In general, the Competition Commission considers vertical agreements with less than 20% of market share as insignificant, whereas others potentially face a fine. Cartels with over 50% of market share will most definitely be fined. Restrictions on the sale of components or spare parts are also considered as such and generally are already unlawful.

A number of administrative requirements restrict retail operations in the domestic market. Some of these are planning regulations, local building codes, advertising restrictions, standards for equipment, approval procedures, and opening hours for shops, to name but a few. Such measures are non-discriminatory, although their effect can be to limit possibilities for large discount retailers. Bureaucratic procedures are numerous but efficient, transparent, and nondiscriminatory.

A recent independent study nevertheless highlighted the wide discrepancies in efficiency that exist between the country's many cantonal administrations. While Zurich, Basel, Bern, Jura, Valais, and Neuchatel get full marks for their cost-efficient services, including public access to government services on the internet, other cantons such as Geneva and Vaud are criticized for being too bureaucratic, unfriendly and for taking twice as much time and money to deliver the same set of services. For example, a work permit costs 200 francs in Lausanne and is delivered after 41 days, whereas Zurich charges 65 francs, and delivers it in 12 days.

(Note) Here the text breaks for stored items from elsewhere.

(* Let $\alpha\in(0,1)$ and run GD with learning rate $\eta$ from $\mathbf{W}_0=\mathbf{0}$, where $\eta p_1\lesssim1$. Then for every $j\in[K]$ and every sufficiently large training time $t\gg\frac{\log\log K}{\eta p_j}$, $$\mathcal{L}_j^{\mathrm{GD}}(t)-\mathcal{L}_j^*\gtrsim e^{-\eta p_j t}(\log K)^2,$$ where $\mathcal{L}_j^*=-\big(1-\alpha+\tfrac{\alpha}{K}\big)\log\big(1-\alpha+\tfrac{\alpha}{K}\big)-\tfrac{\alpha(K-1)}{K}\log\tfrac{\alpha}{K}$ is the minimal sub-task loss.
   Context: Setup: $K=MC$ items in $M$ groups of $C$ items (group $i$: indices $(i-1)C+1,\dots,iC$); $\widetilde p_1>\dots>\widetilde p_M>0$, $\sum_i\widetilde p_i=1$, $p_j=\widetilde p_i/C$ for $j$ in group $i$. $\mathbf{E},\widetilde{\mathbf{E}}\in\mathbb{R}^{K\times K}$ have orthonormal columns. Noise: $p_{i\mid j}=1-\alpha+\alpha/K$ if $i=j$, $\alpha/K$ otherwise. $\widehat p_{i\mid j}(\mathbf{W})=\exp(\widetilde{\mathbf{E}}_i^\top\mathbf{W}\mathbf{E}_j)/\sum_k\exp(\widetilde{\mathbf{E}}_k^\top\mathbf{W}\mathbf{E}_j)$; $\mathcal{L}_j(\mathbf{W})=-\sum_ip_{i\mid j}\log\widehat p_{i\mid j}(\mathbf{W})$, $\mathcal{L}=\sum_jp_j\mathcal{L}_j$. GD: $\mathbf{W}_{t+1}=\mathbf{W}_t-\eta\nabla\mathcal{L}(\mathbf{W}_t)$, $\mathcal{L}^{\mathrm{GD}}_j(t)=\mathcal{L}_j(\mathbf{W}_t)$. Regime $K\gg1$, $M\ll C$; $\lesssim,\gtrsim$ hide constant factors and $\gg$ means "much larger than". *)

theory Defs
  imports "HOL-Analysis.Analysis"
begin

text \<open>Matrices in R^{K x K} are represented as functions nat => nat => real,
  with indices 0..K-1 (0-based; item j of the paper is index j-1 here).
  Column i of a matrix E is the vector (\<lambda>r. E r i).\<close>

type_synonym mat = "nat \<Rightarrow> nat \<Rightarrow> real"

definition orthonormal_cols :: "nat \<Rightarrow> mat \<Rightarrow> bool" where
  "orthonormal_cols K E \<longleftrightarrow>
     (\<forall>i<K. \<forall>k<K. (\<Sum>r<K. E r i * E r k) = (if i = k then 1 else 0))"

definition item_prob :: "nat \<Rightarrow> (nat \<Rightarrow> real) \<Rightarrow> nat \<Rightarrow> real" where
  "item_prob C pt j = pt (j div C) / real C"

definition noise_prob :: "nat \<Rightarrow> real \<Rightarrow> nat \<Rightarrow> nat \<Rightarrow> real" where
  "noise_prob K \<alpha> i j = (if i = j then 1 - \<alpha> + \<alpha> / real K else \<alpha> / real K)"

definition logit :: "nat \<Rightarrow> mat \<Rightarrow> mat \<Rightarrow> mat \<Rightarrow> nat \<Rightarrow> nat \<Rightarrow> real" where
  "logit K E Et W i j = (\<Sum>r<K. \<Sum>s<K. Et r i * W r s * E s j)"

definition pred_prob :: "nat \<Rightarrow> mat \<Rightarrow> mat \<Rightarrow> mat \<Rightarrow> nat \<Rightarrow> nat \<Rightarrow> real" where
  "pred_prob K E Et W i j =
     exp (logit K E Et W i j) / (\<Sum>k<K. exp (logit K E Et W k j))"

definition loss_j :: "nat \<Rightarrow> real \<Rightarrow> mat \<Rightarrow> mat \<Rightarrow> mat \<Rightarrow> nat \<Rightarrow> real" where
  "loss_j K \<alpha> E Et W j = - (\<Sum>i<K. noise_prob K \<alpha> i j * ln (pred_prob K E Et W i j))"

definition loss :: "nat \<Rightarrow> nat \<Rightarrow> (nat \<Rightarrow> real) \<Rightarrow> real \<Rightarrow> mat \<Rightarrow> mat \<Rightarrow> mat \<Rightarrow> real" where
  "loss K C pt \<alpha> E Et W = (\<Sum>j<K. item_prob C pt j * loss_j K \<alpha> E Et W j)"

definition mat_grad :: "(mat \<Rightarrow> real) \<Rightarrow> mat \<Rightarrow> mat" where
  "mat_grad f W = (\<lambda>a b. deriv (\<lambda>s. f (\<lambda>r c. W r c + (if r = a \<and> c = b then s else 0))) 0)"

primrec gd :: "nat \<Rightarrow> nat \<Rightarrow> (nat \<Rightarrow> real) \<Rightarrow> real \<Rightarrow> mat \<Rightarrow> mat \<Rightarrow> real \<Rightarrow> nat \<Rightarrow> mat" where
  "gd K C pt \<alpha> E Et \<eta> 0 = (\<lambda>r c. 0)"
| "gd K C pt \<alpha> E Et \<eta> (Suc t) =
     (let W = gd K C pt \<alpha> E Et \<eta> t; G = mat_grad (loss K C pt \<alpha> E Et) W in
      (\<lambda>r c. if r < K \<and> c < K then W r c - \<eta> * G r c else 0))"

definition loss_star :: "nat \<Rightarrow> real \<Rightarrow> real" where
  "loss_star K \<alpha> = - (1 - \<alpha> + \<alpha> / real K) * ln (1 - \<alpha> + \<alpha> / real K)
                    - \<alpha> * (real K - 1) / real K * ln (\<alpha> / real K)"

end

theory Submission
  imports Defs
begin

(* Since E and Et are orthonormal, a gradient step on W is a gradient step on the logit matrix
   Et^T W E, and the loss of item j only moves column j of it, by eta p_j (softmax - noise).
   Starting from 0 this column therefore always has the form B + D_t [i = j], and the margin D_t
   obeys the scalar recursion D_(t+1) = D_t + x (P - sigma D_t) with P = 1 - alpha + alpha/K,
   sigma D = e^D / (e^D + K - 1) and x = eta p_j K / (K - 1).
   The excess loss is exactly the binary KL divergence of P from sigma D_t, hence at least
   2 (P - sigma D_t)^2 by Pinsker.  As sigma is 1/4-Lipschitz, the gap P - sigma D_t shrinks by
   at most the factor 1 - x/4 per step, so it stays above (1 - alpha)/2 e^(-2/5 eta p_j t);
   squared, this beats e^(-eta p_j t) (log K)^2 as soon as eta p_j t >= 10 log log K. *)

section \<open>The scalar margin recursion\<close>

definition binary_kl :: "real \<Rightarrow> real \<Rightarrow> real" where
  "binary_kl P q = P * ln (P / q) + (1 - P) * ln ((1 - P) / (1 - q))"

lemma binary_kl_ge_sq:
  assumes "0 < q" "q < 1" "0 < P" "P < 1"
  shows "2 * (P - q)\<^sup>2 \<le> binary_kl P q"
proof -
  have le_case: "2 * (P - q)\<^sup>2 \<le> binary_kl P q" if "0 < q" "q \<le> P" "P < 1" for P q :: real
  proof -
    define g where "g s = P * (ln P - ln s) + (1 - P) * (ln (1 - P) - ln (1 - s)) - 2 * (P - s)\<^sup>2"
      for s
    have "g P \<le> g q"
    proof (rule deriv_nonpos_imp_antimono[where g = g])
      fix s assume "s \<in> {q..P}"
      then have s: "0 < s" "s < 1" "s \<le> P" using that by auto
      show "(g has_real_derivative (P - s) * (4 - 1 / (s * (1 - s)))) (at s)"
        unfolding g_def[abs_def]
        apply (rule DERIV_cong)
         apply (intro derivative_eq_intros)
        using s apply simp_all
        apply (simp add: field_simps)
        done
      have "4 * (s * (1 - s)) \<le> 1"
        using sum_squares_ge_zero[of "2 * s - 1" 0] by (simp add: algebra_simps power2_eq_square)
      then show "(P - s) * (4 - 1 / (s * (1 - s))) \<le> 0"
        using s by (intro mult_nonneg_nonpos) (auto simp: field_simps)
    qed (fact that)
    then show ?thesis using that by (simp add: g_def binary_kl_def ln_div)
  qed
  show ?thesis
  proof (cases "q \<le> P")
    case False
    have "binary_kl P q = binary_kl (1 - P) (1 - q)" by (simp add: binary_kl_def)
    with le_case[of "1 - q" "1 - P"] False assms show ?thesis by (simp add: power2_commute)
  qed (use le_case assms in auto)
qed

definition diag_prob :: "nat \<Rightarrow> real \<Rightarrow> real" where
  "diag_prob K d = exp d / (exp d + real K - 1)"

lemma diag_prob_denom_pos: "K \<ge> 1 \<Longrightarrow> exp d + real K - 1 > 0"
  using exp_gt_zero[of d] by linarith

lemma diag_prob_pos: "K \<ge> 1 \<Longrightarrow> diag_prob K d > 0"
  using diag_prob_denom_pos by (simp add: diag_prob_def)

lemma diag_prob_has_real_derivative:
  assumes "K \<ge> 1"
  shows "(diag_prob K has_real_derivative diag_prob K d * (1 - diag_prob K d)) (at d)"
proof -
  have "exp d + real K - 1 \<noteq> 0" using diag_prob_denom_pos[OF assms] by (metis less_irrefl)
  then show ?thesis unfolding diag_prob_def[abs_def]
    by (intro derivative_eq_intros refl) (auto simp: field_simps power2_eq_square)
qed

lemma diag_prob_add_le:
  assumes "K \<ge> 1" "0 \<le> \<delta>"
  shows "diag_prob K (d + \<delta>) \<le> diag_prob K d + \<delta> / 4"
proof -
  define g where "g s = s / 4 - diag_prob K s" for s
  have "g d \<le> g (d + \<delta>)"
  proof (rule deriv_nonneg_imp_mono[where g = g])
    fix s
    show "(g has_real_derivative 1 / 4 - diag_prob K s * (1 - diag_prob K s)) (at s)"
      unfolding g_def[abs_def]
      using DERIV_diff[OF DERIV_cdivide[OF DERIV_ident, of 4] diag_prob_has_real_derivative[OF assms(1)]]
      by simp
    show "0 \<le> 1 / 4 - diag_prob K s * (1 - diag_prob K s)"
      using sum_squares_ge_zero[of "diag_prob K s - 1/2" 0] by (simp add: algebra_simps power2_eq_square)
  qed (use assms in simp)
  then show ?thesis by (simp add: g_def add_divide_distrib)
qed

primrec diag_logit :: "nat \<Rightarrow> real \<Rightarrow> real \<Rightarrow> nat \<Rightarrow> real" where
  "diag_logit K P x 0 = 0"
| "diag_logit K P x (Suc t) = diag_logit K P x t + x * (P - diag_prob K (diag_logit K P x t))"

lemma diag_logit_gap_ge:
  assumes "K \<ge> 1" "1 / real K \<le> P" "0 \<le> x" "x \<le> 4"
  shows "(P - 1 / real K) * (1 - x / 4) ^ t \<le> P - diag_prob K (diag_logit K P x t)"
proof (induction t)
  case 0
  then show ?case by (simp add: diag_prob_def)
next
  case (Suc t)
  define D where "D = diag_logit K P x t"
  have "0 \<le> (P - 1 / real K) * (1 - x / 4) ^ t" using assms by simp
  then have gap_nonneg: "0 \<le> P - diag_prob K D" using Suc.IH by (simp add: D_def)
  have "diag_prob K (diag_logit K P x (Suc t)) \<le> diag_prob K D + x * (P - diag_prob K D) / 4"
    using diag_prob_add_le[OF assms(1) mult_nonneg_nonneg[OF assms(3) gap_nonneg]] by (simp add: D_def)
  then have step: "(P - diag_prob K D) * (1 - x / 4) \<le> P - diag_prob K (diag_logit K P x (Suc t))"
    by (simp add: algebra_simps)
  have "(P - 1 / real K) * (1 - x / 4) ^ Suc t = (P - 1 / real K) * (1 - x / 4) ^ t * (1 - x / 4)"
    by simp
  also have "\<dots> \<le> (P - diag_prob K D) * (1 - x / 4)"
    using Suc.IH assms by (intro mult_right_mono) (simp_all add: D_def)
  finally show ?case using step by linarith
qed

lemma exp_neg_le_one_minus:
  fixes y :: real
  assumes "0 \<le> y" "y \<le> 1 / 6"
  shows "exp (- (6 / 5) * y) \<le> 1 - y"
proof -
  have "1 \<le> (1 - y) * (1 + 6 / 5 * y)"
    using assms by (simp add: algebra_simps mult_right_le_one_le)
  also have "\<dots> \<le> (1 - y) * exp (6 / 5 * y)"
    using assms exp_ge_add_one_self[of "6 / 5 * y"] by (intro mult_left_mono) simp_all
  finally show ?thesis by (simp add: exp_minus field_simps)
qed

definition noise_diag :: "nat \<Rightarrow> real \<Rightarrow> real" where
  "noise_diag K \<alpha> = 1 - \<alpha> + \<alpha> / real K"

lemma one_minus_noise_diag: "K \<ge> 1 \<Longrightarrow> 1 - noise_diag K \<alpha> = \<alpha> * (real K - 1) / real K"
  by (simp add: noise_diag_def field_simps)

lemma noise_diag_bounds:
  assumes "K \<ge> 2" "0 < \<alpha>" "\<alpha> < 1"
  shows "0 < noise_diag K \<alpha>" "noise_diag K \<alpha> < 1"
proof -
  show "0 < noise_diag K \<alpha>" using assms by (simp add: noise_diag_def add_pos_pos)
  have "0 < \<alpha> * (real K - 1) / real K" using assms by simp
  then show "noise_diag K \<alpha> < 1" using one_minus_noise_diag[of K \<alpha>] assms by linarith
qed

lemma noise_diag_minus_inverse: "K \<ge> 1 \<Longrightarrow> noise_diag K \<alpha> - 1 / real K = (1 - \<alpha>) * (1 - 1 / real K)"
  by (simp add: noise_diag_def field_simps)

lemma diag_logit_gd_gap_ge:
  assumes K: "K \<ge> 4" and \<alpha>: "0 < \<alpha>" "\<alpha> < 1" and h: "0 < h" "h \<le> 1 / 2"
  shows "(1 - \<alpha>) / 2 * exp (- (2 / 5) * (h * real t))
    \<le> noise_diag K \<alpha> - diag_prob K (diag_logit K (noise_diag K \<alpha>) (h * real K / (real K - 1)) t)"
proof -
  define x where "x = h * real K / (real K - 1)"
  have "real K / (real K - 1) \<le> 4 / 3" using K by (simp add: field_simps)
  then have "h * (real K / (real K - 1)) \<le> h * (4 / 3)" using h by (intro mult_left_mono) simp_all
  then have "x \<le> h * (4 / 3)" by (simp add: x_def)
  moreover have "0 \<le> x" using h K by (simp add: x_def)
  ultimately have x: "0 \<le> x" "x / 4 \<le> h / 3" by linarith+
  have "(1 - \<alpha>) * (1 / 2) \<le> (1 - \<alpha>) * (1 - 1 / real K)"
    using K \<alpha> by (intro mult_left_mono) (simp_all add: field_simps)
  then have gap0: "(1 - \<alpha>) / 2 \<le> noise_diag K \<alpha> - 1 / real K"
    using K by (simp add: noise_diag_minus_inverse)
  moreover have "exp (- (2 / 5) * (h * real t)) \<le> (1 - x / 4) ^ t"
  proof -
    have "exp (- (2 / 5) * (h * real t)) \<le> exp (- (6 / 5) * (x / 4)) ^ t"
    proof -
      have "(6 / 5) * (x / 4) * real t \<le> (2 / 5) * h * real t"
        using x by (intro mult_right_mono) simp_all
      then show ?thesis by (simp add: exp_of_nat_mult[symmetric] mult.commute mult.left_commute)
    qed
    also have "\<dots> \<le> (1 - x / 4) ^ t"
      using x h by (intro power_mono exp_neg_le_one_minus) simp_all
    finally show ?thesis .
  qed
  ultimately have "(1 - \<alpha>) / 2 * exp (- (2 / 5) * (h * real t))
      \<le> (noise_diag K \<alpha> - 1 / real K) * (1 - x / 4) ^ t"
    using \<alpha> by (intro mult_mono) simp_all
  also have "\<dots> \<le> noise_diag K \<alpha> - diag_prob K (diag_logit K (noise_diag K \<alpha>) x t)"
    using gap0 K \<alpha> x h
    by (intro diag_logit_gap_ge) simp_all
  finally show ?thesis unfolding x_def .
qed

lemma excess_loss_eq_binary_kl:
  assumes K: "K \<ge> 2" and \<alpha>: "0 < \<alpha>" "\<alpha> < 1"
  shows "ln (exp D + real K - 1) - noise_diag K \<alpha> * D - loss_star K \<alpha>
    = binary_kl (noise_diag K \<alpha>) (diag_prob K D)"
proof -
  define P where "P = noise_diag K \<alpha>"
  define q where "q = diag_prob K D"
  define S where "S = exp D + real K - 1"
  have S: "S > 0" using diag_prob_denom_pos K unfolding S_def by simp
  have K1: "real K - 1 > 0" using K by simp
  have one_minus_P: "1 - P = \<alpha> * (real K - 1) / real K"
    using K by (simp add: P_def one_minus_noise_diag)
  have P: "0 < P" "0 < 1 - P"
    using noise_diag_bounds[OF assms] by (simp_all add: P_def)
  have "q = exp D / S" "1 - q = (real K - 1) / S"
    using S by (simp_all add: q_def diag_prob_def S_def field_simps)
  then have q: "0 < q" "0 < 1 - q" and ln_q: "ln q = D - ln S"
    and ln_one_minus_q: "ln (1 - q) = ln (real K - 1) - ln S"
    using S K1 by (simp_all add: ln_div)
  have "\<alpha> / real K = (1 - P) / (real K - 1)"
    using K1 by (simp add: one_minus_P)
  then have "ln (\<alpha> / real K) = ln (1 - P) - ln (real K - 1)"
    using P K1 by (simp add: ln_div)
  then have "loss_star K \<alpha> = - P * ln P - (1 - P) * (ln (1 - P) - ln (real K - 1))"
    unfolding loss_star_def noise_diag_def[symmetric] P_def[symmetric] one_minus_P[symmetric] by simp
  moreover have "binary_kl P q = P * (ln P - ln q) + (1 - P) * (ln (1 - P) - ln (1 - q))"
    using P q by (simp add: binary_kl_def ln_div)
  ultimately show ?thesis
    unfolding P_def[symmetric] q_def[symmetric] S_def[symmetric] ln_q ln_one_minus_q
    by (simp add: algebra_simps)
qed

Switzerland is number one in the 2006 Global Competitiveness Report for the first time, reflecting the country’s sound institutional environment, excellent infrastructure, efficient markets and high levels of technological innovation. The country has a well developed infrastructure for scientific research, companies spend generously on R&D, intellectual property protection is strong and the country’s public institutions are transparent and stable.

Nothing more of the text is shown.